It's about life - not "lifestyle"
JUNE 14, 2002
|Today was graduation day at the high school I went to, and about a million others scattered across North America. The photo above was taken out the window of my car when I was driving home, perhaps an hour after the ceremony. People were still milling around at the top of the stairs, and employees were breaking down the chairs and podium. Families were walking to their cars, parked all over the little malls across the street.
When I went to this high school, it was a couple of miles out of town. In the decades (decades?) since then the rural agricultural valley it was set is has built up to the point that within the year 9th graders who live within the city as it stood when I was their age won't even be allowed to go to this school - they'll be bussed way out of town to the "arch-rival". Times change, and fast; don't let the "decades" comment fool you.
Once you graduate, or stop going, things have definitely changed. I felt it quite profoundly. Like many students, I couldn't wait to get out, and I was fortunate enough to get out after having gone half-day, half-year in my senior year. I made up one class in night school, but when I finished finals in early February I was done with what I saw as my incarceration.
February was a strange time to get out of school. That long ago the February beaches were deserted. I had a part time job, one college class, and one night school class. Mornings were free for surfing.
Nobody was one the beach. Nobody was anywhere. While it was nice, there was something of a feeling of freefall. There was still a war going on, which was one thing which hung over the landscape.

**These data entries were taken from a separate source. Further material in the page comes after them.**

(* Let $J'=(z_w,z_w')$ be a nonempty open interval, let $r:J'\to\mathbb{R}$ be differentiable and non-increasing on $J'$, and let $h:J'\to\mathbb{R}$ be differentiable with $\dot h(z)=1+h(z)^2-2r(z)h(z)$ for all $z\in J'$. Assume $h$ has exactly one zero $z_*$ in $J'$. Let $G(z)=z-\dfrac{2h(z)}{2+h(z)^2-2r(z)h(z)}$ and consider the iteration $z_{n+1}=G(z_n)$, $n=0,1,2,\dots$. (1) If $r(z)>0$ for all $z\in(z_w,z_* )$, then for every initial guess $z_0\in(z_w,z_* )$ all iterates are well defined, the sequence $(z_n)$ is monotonically increasing, lies in $(z_w,z_* )$, and converges to $z_*$. (2) If $r(z)<0$ for all $z\in(z_*,z_w')$, then for every initial guess $z_0\in(z_*,z_w')$ all iterates are well defined, the sequence $(z_n)$ is monotonically decreasing, lies in $(z_*,z_w')$, and converges to $z_*$.
   Context: $\dot h$ denotes $dh/dz$. Since $h(z_* )=0$ and $\dot h(z_* )=1$, uniqueness of the zero gives $h<0$ on $(z_w,z_* )$ and $h>0$ on $(z_*,z_w')$. (In the intended application $z_w<z_w'$ are consecutive poles of $h$.) *)

theory Defs
  imports "HOL-Analysis.Analysis"
begin

definition iter_denom :: "(real \<Rightarrow> real) \<Rightarrow> (real \<Rightarrow> real) \<Rightarrow> real \<Rightarrow> real" where
  "iter_denom r h z = 2 + (h z)^2 - 2 * r z * h z"

definition iter_G :: "(real \<Rightarrow> real) \<Rightarrow> (real \<Rightarrow> real) \<Rightarrow> real \<Rightarrow> real" where
  "iter_G r h z = z - 2 * h z / iter_denom r h z"

end

(*
  Write G_c for the iteration map with r frozen at the constant c, so that G z = G_{r z} z and
  G_c zs = zs. The derivative of G_c is 1 - 2 h' (2 - h^2) / (2 + h^2 - 2 c h)^2, which is
  positive wherever c h <= 0, h /= 0 and 0 <= h' <= 1 + h^2 - 2 c h. Since h' = 1 at the simple
  zero zs, h is negative to the left and positive to the right of zs; on the side where r h <= 0
  the monotonicity of r turns the Riccati equation into exactly this bound between z and zs
  with c = r z. So G_{r z} is increasing there and G z lies strictly between z and zs. The
  iterates are therefore monotone and bounded by zs, and their limit is a fixed point of the
  continuous map G, which can only be zs.
*)
theory Submission
  imports Defs
begin

lemma iter_denom_pos:
  assumes "r z * h z \<le> 0"
  shows "0 < iter_denom r h z"
  using assms zero_le_power2[of "h z"] unfolding iter_denom_def by linarith

lemma iter_G_const_has_real_derivative:
  assumes "(h has_real_derivative h') (at w)" and "iter_denom (\<lambda>_. c) h w \<noteq> 0"
  shows "(iter_G (\<lambda>_. c) h has_real_derivative
           1 - 2 * h' * (2 - (h w)^2) / (iter_denom (\<lambda>_. c) h w)^2) (at w)"
  using assms unfolding iter_G_def[abs_def] iter_denom_def
  by (auto intro!: derivative_eq_intros simp: field_simps power2_eq_square)
(* Let $L$ be the unnormalized Laplacian of a simple undirected network with $M$ edges, with simple eigenvalues $\lambda_1,\dots,\lambda_N$ and orthonormal eigenvectors $\bm v^{(1)},\dots,\bm v^{(N)}$. Suppose the network is modified by adding a set of edges $\mathcal{E}^+$ and removing a set of edges $\mathcal{E}^-$, encoded by $\Delta L=\sum_{(p,q)\in\mathcal{E}^+}\Delta L^{(pq)}-\sum_{(p,q)\in\mathcal{E}^-}\Delta L^{(pq)}$, where $\Delta L^{(pq)}$ has entries $\Delta L^{(pq)}_{pp}=\Delta L^{(pq)}_{qq}=1$, $\Delta L^{(pq)}_{pq}=\Delta L^{(pq)}_{qp}=-1$, and $0$ elsewhere. Let $L(\epsilon)=L+\epsilon\,\Delta L$, assume its eigenvalues $\lambda_i(\epsilon)$ are simple, and let $h(\epsilon)=-\sum_i\frac{\lambda_i(\epsilon)}{2M}\log_2\frac{\lambda_i(\epsilon)}{2M}$. Then $h(\epsilon)=h(0)+\epsilon h'(0)+\mathcal{O}(\epsilon^2)$ with $$h'(0)=-\frac{1}{2M}\sum_{i=1}^N\left(\sum_{(p,q)\in\mathcal{E}^+}(\bm v^{(i)}_p-\bm v^{(i)}_q)^2-\sum_{(p,q)\in\mathcal{E}^-}(\bm v^{(i)}_p-\bm v^{(i)}_q)^2\right)\left(\log_2\frac{\lambda_i}{2M}+\frac{1}{\ln 2}\right).$$
   Context: For a simple undirected unweighted network with adjacency matrix $A$ and degree matrix $D$, the unnormalized Laplacian is $L=D-A$. The von Neumann entropy of a network with $M$ edges and Laplacian eigenvalues $\lambda_i$ is $-\sum_i\frac{\lambda_i}{2M}\log_2\frac{\lambda_i}{2M}$ with $0\log_2 0=0$. *)

theory Defs
  imports "HOL-Analysis.Analysis" "HOL-Library.Landau_Symbols"
begin

definition simple_graph :: "('n \<Rightarrow> 'n \<Rightarrow> bool) \<Rightarrow> bool" where
  "simple_graph E \<longleftrightarrow> (\<forall>i j. E i j \<longrightarrow> E j i) \<and> (\<forall>i. \<not> E i i)"

definition num_edges :: "('n \<Rightarrow> 'n \<Rightarrow> bool) \<Rightarrow> nat" where
  "num_edges E = card {{p, q} | p q. E p q}"

definition degree :: "('n::finite \<Rightarrow> 'n \<Rightarrow> bool) \<Rightarrow> 'n \<Rightarrow> nat" where
  "degree E i = card {j. E i j}"

definition laplacian :: "('n::finite \<Rightarrow> 'n \<Rightarrow> bool) \<Rightarrow> real^'n^'n" where
  "laplacian E = (\<chi> i j. (if i = j then real (degree E i) else 0) - (if E i j then 1 else 0))"

definition deltaL :: "'n::finite \<Rightarrow> 'n \<Rightarrow> real^'n^'n" where
  "deltaL p q = (\<chi> i j. if (i = p \<and> j = p) \<or> (i = q \<and> j = q) then 1
                        else if (i = p \<and> j = q) \<or> (i = q \<and> j = p) then -1 else 0)"

definition eigvals :: "real^'n^'n \<Rightarrow> real set" where
  "eigvals A = {\<mu>. \<exists>x. x \<noteq> 0 \<and> A *v x = \<mu> *\<^sub>R x}"

definition vn_term :: "nat \<Rightarrow> real \<Rightarrow> real" where
  "vn_term M x = (if x = 0 then 0 else (x / (2 * real M)) * log 2 (x / (2 * real M)))"

text \<open>Von Neumann entropy of a matrix with simple spectrum (each eigenvalue counted once),
normalized by 2M.\<close>
definition vn_entropy :: "nat \<Rightarrow> real^'n^'n \<Rightarrow> real" where
  "vn_entropy M A = - (\<Sum>\<mu>\<in>eigvals A. vn_term M \<mu>)"

end

theory Submission
  imports Defs
begin

text \<open>For small \<open>\<epsilon>\<close>, expanding a unit eigenvector \<open>x\<close> of \<open>L + \<epsilon> \<Delta>L\<close> with eigenvalue \<open>\<mu>\<close> in
  the eigenbasis \<open>v\<close> gives \<open>\<Sum>\<^sub>j \<langle>x, v\<^sub>j\<rangle>\<^sup>2 (\<mu> - \<lambda>\<^sub>j)\<^sup>2 \<le> \<epsilon>\<^sup>2 \<parallel>\<Delta>L\<parallel>\<^sup>2\<close>. Hence \<open>\<mu>\<close> lies
  within \<open>\<epsilon> \<parallel>\<Delta>L\<parallel>\<close> of exactly one \<open>\<lambda>\<^sub>i\<close>, \<open>x\<close> is concentrated on \<open>v\<^sub>i\<close>, and
  \<open>\<mu> = \<lambda>\<^sub>i + \<epsilon> \<langle>\<Delta>L v\<^sub>i, v\<^sub>i\<rangle> + O(\<epsilon>\<^sup>2)\<close>; since the perturbed spectrum is still simple,
  this matches the two spectra bijectively. The entropy summand \<open>t log t\<close> has an explicit
  quadratic remainder away from 0, and the eigenvalue 0 needs no smoothness: the constant vector
  lies in the kernel of both \<open>L\<close> and \<open>\<Delta>L\<close>, so 0 stays an eigenvalue and its first-order shift
  vanishes.\<close>

lemma orthonormal_family_expansion:
  fixes v :: "'n::finite \<Rightarrow> real^'n"
  assumes orth: "\<And>i j. v i \<bullet> v j = (if i = j then 1 else 0)"
  shows "(\<Sum>i\<in>UNIV. (x \<bullet> v i) *\<^sub>R v i) = x"
proof -
  have inj: "inj v" by (metis inj_on_def orth zero_neq_one)
  let ?B = "range v"
  have pairwise: "pairwise orthogonal ?B" using orth unfolding pairwise_def orthogonal_def
    by (metis (no_types, lifting) imageE)
  have unit: "\<And>b. b \<in> ?B \<Longrightarrow> norm b = 1" using orth by (auto simp: norm_eq_sqrt_inner)
  have "independent ?B"
    by (rule pairwise_orthogonal_independent[OF pairwise]) (use unit in fastforce)
  moreover have "card ?B = CARD('n)" using inj by (simp add: card_image)
  ultimately have "UNIV \<subseteq> span ?B"
    by (intro card_ge_dim_independent) auto
  then have "(\<Sum>b\<in>?B. (x \<bullet> b) *\<^sub>R b) = x"
    using orthonormal_basis_expand[OF pairwise unit] by auto
  then show ?thesis using inj by (simp add: sum.reindex)
qed

lemma orthonormal_family_parseval:
  fixes v :: "'n::finite \<Rightarrow> real^'n"
  assumes orth: "\<And>i j. v i \<bullet> v j = (if i = j then 1 else 0)"
  shows "(\<Sum>i\<in>UNIV. (x \<bullet> v i)^2) = (norm x)^2"
proof -
  have "(\<Sum>i\<in>UNIV. (x \<bullet> v i)^2) = x \<bullet> (\<Sum>i\<in>UNIV. (x \<bullet> v i) *\<^sub>R v i)"
    by (simp add: inner_sum_right power2_eq_square)
  also have "\<dots> = (norm x)^2"
    by (simp add: orthonormal_family_expansion[OF orth] power2_norm_eq_inner)
  finally show ?thesis .
qed

lemma norm_orthogonal_component:
  assumes "norm x = 1" "norm u = 1"
  shows "(norm (x - (x \<bullet> u) *\<^sub>R u))^2 = 1 - (x \<bullet> u)^2"
proof -
  have "u \<bullet> u = 1" "x \<bullet> x = 1" using assms by (simp_all add: norm_eq_1)
  then show ?thesis unfolding power2_norm_eq_inner
    by (simp add: inner_diff_left inner_diff_right inner_commute power2_eq_square)
qed

lemma transpose_zero: "transpose 0 = 0"
  by (simp add: transpose_def vec_eq_iff)

lemma transpose_add: "transpose (A + B) = transpose A + transpose B"
  by (simp add: transpose_def vec_eq_iff)

lemma transpose_diff: "transpose (A - B) = transpose A - transpose B"
  by (simp add: transpose_def vec_eq_iff)

lemma transpose_sum: "transpose (sum f S) = (\<Sum>a\<in>S. transpose (f a))"
  by (induction S rule: infinite_finite_induct) (simp_all add: transpose_zero transpose_add)

lemma symmetric_matrix_inner:
  fixes A :: "real^'n::finite^'n"
  assumes "transpose A = A"
  shows "(A *v x) \<bullet> y = x \<bullet> (A *v y)"
  by (metis assms dot_lmul_matrix inner_commute vector_transpose_matrix)

lemma scaleR_matrix_vector_mult: "(c *\<^sub>R A) *v x = c *\<^sub>R (A *v x)"
  for A :: "real^'n::finite^'m"
  by (simp add: vec_eq_iff matrix_vector_mult_def sum_distrib_left algebra_simps)

lemma sum_matrix_vector_mult: "(sum f S) *v x = (\<Sum>a\<in>S. f a *v x)"
  for f :: "'a \<Rightarrow> real^'n::finite^'m"
  by (induction S rule: infinite_finite_induct) (auto simp: matrix_vector_mult_add_rdistrib)

lemma eigvals_unit_eigenvector:
  assumes "\<mu> \<in> eigvals A"
  obtains x where "norm x = 1" "A *v x = \<mu> *\<^sub>R x"
proof -
  obtain x where x: "x \<noteq> 0" "A *v x = \<mu> *\<^sub>R x" using assms by (auto simp: eigvals_def)
  then have "A *v ((1 / norm x) *\<^sub>R x) = \<mu> *\<^sub>R ((1 / norm x) *\<^sub>R x)"
    by (simp add: matrix_vector_mult_scaleR)
  with x(1) show thesis by (intro that[of "(1 / norm x) *\<^sub>R x"]) simp_all
qed

lemma transpose_laplacian:
  assumes "symp E"
  shows "transpose (laplacian E) = laplacian E"
proof -
  have "E i j = E j i" for i j using assms by (blast dest: sympD)
  then show ?thesis by (simp add: transpose_def laplacian_def vec_eq_iff)
qed

lemma laplacian_mult_ones: "laplacian E *v (\<chi> i. 1) = 0"
proof -
  have "(laplacian E *v (\<chi> i. 1)) $ i = 0" for i
  proof -
    have "(laplacian E *v (\<chi> i. 1)) $ i
        = (\<Sum>j\<in>UNIV. (if i = j then real (degree E i) else 0) - (if E i j then 1 else 0))"
      by (simp add: matrix_vector_mult_def laplacian_def)
    also have "\<dots> = real (degree E i) - real (card {j. E i j})"
      by (simp add: sum_subtractf sum.If_cases)
    finally show ?thesis by (simp add: degree_def)
  qed
  then show ?thesis by (simp add: vec_eq_iff)
qed

lemma transpose_deltaL: "transpose (deltaL p q) = deltaL p q"
proof -
  have "(j = p \<and> i = p \<or> j = q \<and> i = q) \<longleftrightarrow> (i = p \<and> j = p \<or> i = q \<and> j = q)"
    "(j = p \<and> i = q \<or> j = q \<and> i = p) \<longleftrightarrow> (i = p \<and> j = q \<or> i = q \<and> j = p)" for i j
    by blast+
  then show ?thesis unfolding transpose_def deltaL_def vec_eq_iff vec_lambda_beta by presburger
qed

lemma deltaL_mult_vector:
  assumes "p \<noteq> q"
  shows "deltaL p q *v x = (\<chi> i. if i = p then x$p - x$q else if i = q then x$q - x$p else 0)"
proof -
  have "(deltaL p q *v x) $ i = (\<Sum>j\<in>UNIV.
          if i = p then (if j = p then x$p else 0) - (if j = q then x$q else 0)
          else if i = q then (if j = q then x$q else 0) - (if j = p then x$p else 0) else 0)" for i
    unfolding matrix_vector_mult_def vec_lambda_beta
    by (rule sum.cong) (use assms in \<open>auto simp: deltaL_def\<close>)
  then show ?thesis by (simp add: vec_eq_iff sum_subtractf)
qed

lemma deltaL_sum_mult_ones:
  assumes "\<And>p q. (p, q) \<in> P \<Longrightarrow> p \<noteq> q"
  shows "(\<Sum>(p,q)\<in>P. deltaL p q) *v (\<chi> i. 1) = 0"
  unfolding sum_matrix_vector_mult
  by (rule sum.neutral) (auto dest: assms simp: deltaL_mult_vector vec_eq_iff)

They call it formally "Commencement Day", and to be sure when something like this ends you do commence the next stage of your life. For some it will be college, with other (usually much more appreciated) commencement days. For others it will be work, maybe travel, maybe adventure. You never really know when you're the one in the spot. It's a great time, though. For those who graduate in the North American Summertime, it must seem like limitless promise.

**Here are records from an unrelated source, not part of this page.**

lemma ndl_partition_low_type_vertex:
  assumes G: "ndl_graph n E d lam" and conn: "connected_graph n E"
    and part: "B \<inter> W = {}" "B \<union> W = {0..<n}" and "B \<noteq> {}"
    and large: "lam / (real d + lam) * real n < real (card W)"
  shows "\<exists>u\<in>B. 1 \<le> card (nbhd n E u \<inter> W) \<and>
           real (card (nbhd n E u \<inter> W)) \<le> (real d + lam) * real (card W) / real n + lam"
proof (rule ccontr)
  define g where "g u = real (card (nbhd n E u \<inter> W))" for u
  define w where "w = real (card W)"
  define k where "k = (real d + lam) * w / real n + lam"
  assume "\<not> ?thesis"
  then have high: "k < g u" if "u \<in> B" "0 < g u" for u
    using that unfolding g_def k_def w_def by fastforce
  have simple: "simple_graph n E" and reg: "regular n E d" and "0 \<le> lam"
    using G unfolding ndl_graph_def by auto
  have BW: "B \<subseteq> {0..<n}" "W \<subseteq> {0..<n}" using part by auto
  have "0 \<le> lam / (real d + lam) * real n" using \<open>0 \<le> lam\<close> by simp
  then have "0 < w" using large unfolding w_def by linarith
  then obtain x where x: "x \<in> B" "0 < g x"
    using connected_partition_crossing_vertex[OF simple conn part \<open>B \<noteq> {}\<close>] unfolding g_def w_def by force
  have g_le: "g u \<le> real d" if "u < n" for u
    using card_mono[OF finite_nbhd, of "nbhd n E u \<inter> W"] reg that unfolding g_def regular_def by auto
  have "0 < n" "w \<le> real n" using BW x(1) card_mono[OF _ BW(2)] unfolding w_def by auto
  have "k < real d" using high[OF x] g_le[of x] BW x(1) by force
  then have "2 * lam < real d"
    using type_threshold_gap[where d = "real d" and n = "real n", OF _ \<open>0 \<le> lam\<close> _ \<open>0 < w\<close>] large \<open>0 < n\<close>
    unfolding k_def w_def by simp
  define Q where "Q = (\<Sum>u\<in>W. g u)"
  define R where "R = (\<Sum>u<n. (g u)\<^sup>2)"
  have Qlow: "real d * (w\<^sup>2 / real n) - lam * (w - w\<^sup>2 / real n) \<le> Q"
    and Rup: "R \<le> (real d)\<^sup>2 * (w\<^sup>2 / real n) + lam\<^sup>2 * (w - w\<^sup>2 / real n)"
    using ndl_type_moment_bounds[OF G _ \<open>0 < n\<close> BW(2)] \<open>2 * lam < real d\<close> \<open>0 \<le> lam\<close>
    unfolding Q_def R_def g_def w_def by auto
  have "Q \<le> (\<Sum>u\<in>W. real d)" unfolding Q_def using g_le BW(2) by (intro sum_mono) auto
  then have "Q \<le> real d * w" unfolding w_def by (simp add: mult.commute)
  moreover have "k * (real d * w - Q) + Q\<^sup>2 / w < R"
    using partition_type_second_moment_lower[OF simple reg part, of k x] high x
    unfolding Q_def R_def g_def w_def by simp
  ultimately show False
    using type_moments_inconsistent[OF \<open>0 \<le> lam\<close> \<open>2 * lam < real d\<close> \<open>0 < w\<close> \<open>w \<le> real n\<close> Qlow _ Rup]
    unfolding k_def by blast
qed

theorem mainTheorem4:
  fixes n d t :: nat and E :: "nat \<Rightarrow> nat \<Rightarrow> bool" and lam :: real
    and vs :: "nat \<Rightarrow> nat" and B W :: "nat set"
  assumes "ndl_graph n E d lam"
    and "connected_graph n E"
    and "t \<ge> 2"
    and "\<forall>i\<in>{1..t-1}. vs i < n"
    and "B = (\<Union>i\<in>{1..t-1}. cl_nbhd n E (vs i))"
    and "W = {0..<n} - B"
    and "real (card W) > lam / (real d + lam) * real n"
  shows "\<exists>u\<in>B. 1 \<le> card (nbhd n E u \<inter> W) \<and>
           real (card (nbhd n E u \<inter> W)) \<le> (real d + lam) * real (card W) / real n + lam"
proof -
  have "B \<subseteq> {0..<n}"
    using assms(4,5) unfolding cl_nbhd_def nbhd_def by auto
  then have "B \<inter> W = {}" "B \<union> W = {0..<n}" using assms(6) by auto
  moreover have "vs 1 \<in> B" using assms(3,5) unfolding cl_nbhd_def by auto
  ultimately show ?thesis
    using ndl_partition_low_type_vertex[OF assms(1,2) _ _ _ assms(7)] by blast
qed

end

To those of you embarking on this, I say enjoy yourselves this summer. Put some thought into your next steps, make some plans. Only about a dozen of you are going to be able to make a decent living, for a few years, as pro surfers, so keep your eyes open for ways to make a living and keep your ocean stoke going. Think a bit about the Long Haul. Talk to trusted older surfers, or even your parents. Most of them have been where you are now and would be eager to see you not make any mistakes they may have made, or would like to share things they've learned along the way.

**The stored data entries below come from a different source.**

lemma ag_add_along:
  assumes "a \<in> ag_points n" "d \<in> ag_points n" "v \<in> ag_points n"
  shows "ag_add v (ag_along a d t) = ag_along (ag_add v a) d t"
proof (rule nth_equalityI)
  fix i assume "i < length (ag_add v (ag_along a d t))"
  have "(w + (x + t * y) mod 3) mod 3 = ((w + x) mod 3 + t * y) mod 3" for w x y :: nat
    by (simp add: mod_add_left_eq mod_add_right_eq add.assoc)
  with \<open>i < _\<close> show "ag_add v (ag_along a d t) ! i = ag_along (ag_add v a) d t ! i"
    using assms by (simp add: ag_along_def ag_add_def ag_points_length)
qed (use assms in \<open>simp add: ag_along_def ag_add_def ag_points_length\<close>)

lemma ag_add_diff:
  assumes "a \<in> ag_points n" "b \<in> ag_points n"
  shows "ag_add (ag_diff b a) a = b"
proof (rule nth_equalityI)
  fix i assume "i < length (ag_add (ag_diff b a) a)"
  then have "i < n" using assms by (simp add: ag_add_def ag_diff_def ag_points_length)
  have "((y + 3 - x) mod 3 + x) mod 3 = y" if "x < 3" "y < 3" for x y :: nat
    using that by (simp add: mod_add_left_eq)
  then show "ag_add (ag_diff b a) a ! i = b ! i"
    using assms \<open>i < n\<close> ag_points_nth by (simp add: ag_add_def ag_diff_def ag_points_length)
qed (use assms in \<open>simp add: ag_add_def ag_diff_def ag_points_length\<close>)

lemma ag_add_image_line:
  assumes "a \<in> ag_points n" "d \<in> ag_points n" "v \<in> ag_points n"
  shows "ag_add v ` ag_line a d = ag_line (ag_add v a) d"
proof -
  have "ag_add v ` ag_line a d = {ag_add v (ag_along a d t) | t. t < 3}"
    unfolding ag_line_def by blast
  then show ?thesis using ag_add_along[OF assms] by (simp add: ag_line_def)
qed

lemma ag_parallels_line:
  assumes a: "a \<in> ag_points n" and d: "d \<in> ag_points n" "d \<noteq> replicate n 0"
  shows "ag_parallels n (ag_line a d) = {ag_line b d | b. b \<in> ag_points n}"
proof
  show "ag_parallels n (ag_line a d) \<subseteq> {ag_line b d | b. b \<in> ag_points n}"
    using a d by (auto simp: ag_parallels_def ag_add_image_line ag_add_in_points)
next
  show "{ag_line b d | b. b \<in> ag_points n} \<subseteq> ag_parallels n (ag_line a d)"
  proof clarify
    fix b assume b: "b \<in> ag_points n"
    have "ag_line b d = ag_add (ag_diff b a) ` ag_line a d"
      using a d b by (simp add: ag_add_image_line ag_diff_in_points ag_add_diff)
    moreover have "ag_line b d \<in> ag_lines n" using d b by (auto simp: ag_lines_eq)
    ultimately show "ag_line b d \<in> ag_parallels n (ag_line a d)"
      using a b ag_diff_in_points unfolding ag_parallels_def by blast
  qed
qed

lemma ag_parallels_subset_lines: "ag_parallels n l \<subseteq> ag_lines n"
  by (auto simp: ag_parallels_def)

lemma ag_parallels_self: "l \<in> ag_lines n \<Longrightarrow> l \<in> ag_parallels n l"
  by (auto simp: ag_lines_eq ag_parallels_line)

lemma ag_parallels_eq:
  assumes "l \<in> ag_lines n" "l' \<in> ag_parallels n l"
  shows "ag_parallels n l' = ag_parallels n l"
proof -
  obtain a d where ad: "l = ag_line a d" "a \<in> ag_points n" "d \<in> ag_points n" "d \<noteq> replicate n 0"
    using assms(1) by (auto simp: ag_lines_eq)
  then obtain b where "l' = ag_line b d" "b \<in> ag_points n"
    using assms(2) ag_parallels_line by blast
  then show ?thesis using ad ag_parallels_line by simp
qed

lemma ag_parallels_cover:
  assumes "l \<in> ag_lines n"
  shows "\<Union>(ag_parallels n l) = ag_points n"
proof -
  obtain a d where ad: "l = ag_line a d" "a \<in> ag_points n" "d \<in> ag_points n" "d \<noteq> replicate n 0"
    using assms by (auto simp: ag_lines_eq)
  have "\<Union>{ag_line b d | b. b \<in> ag_points n} = ag_points n"
  proof
    show "\<Union>{ag_line b d | b. b \<in> ag_points n} \<subseteq> ag_points n"
      using ag_line_subset_points ad(3) by blast
    show "ag_points n \<subseteq> \<Union>{ag_line b d | b. b \<in> ag_points n}"
      using ag_line_self ad(3) by blast
  qed
  then show ?thesis using ad by (simp add: ag_parallels_line)
qed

Watching the emptying out of the high school I went to, hearing the excited yells of newly minted grads in cars blaring music, looking at two non-descript girls in a beater Toyota smiling ear-to-ear - knowing they are about 5 years away from blossoming out of the invisibility they probably endured for the last 4 years - I couldn't help but smile. I wouldn't want to go back to that period of my life, I guess. When I get that notion I like to mix a strong drink and put on Springsteen's "Thunder Road", one of the great rock and roll songs, at a volume sure to stun the goldfish. I do that right about dusk, and make sure to polish off the drink during the first playing of the song.I usually listen to it once or twice more. It puts me right back, but instead of feeling like I have to go hit the road looking for something, I get to wait until my wife comes home. The dog is estatic everyone is together. The sun will come up tomorrow, the surf will still be there. It feels good.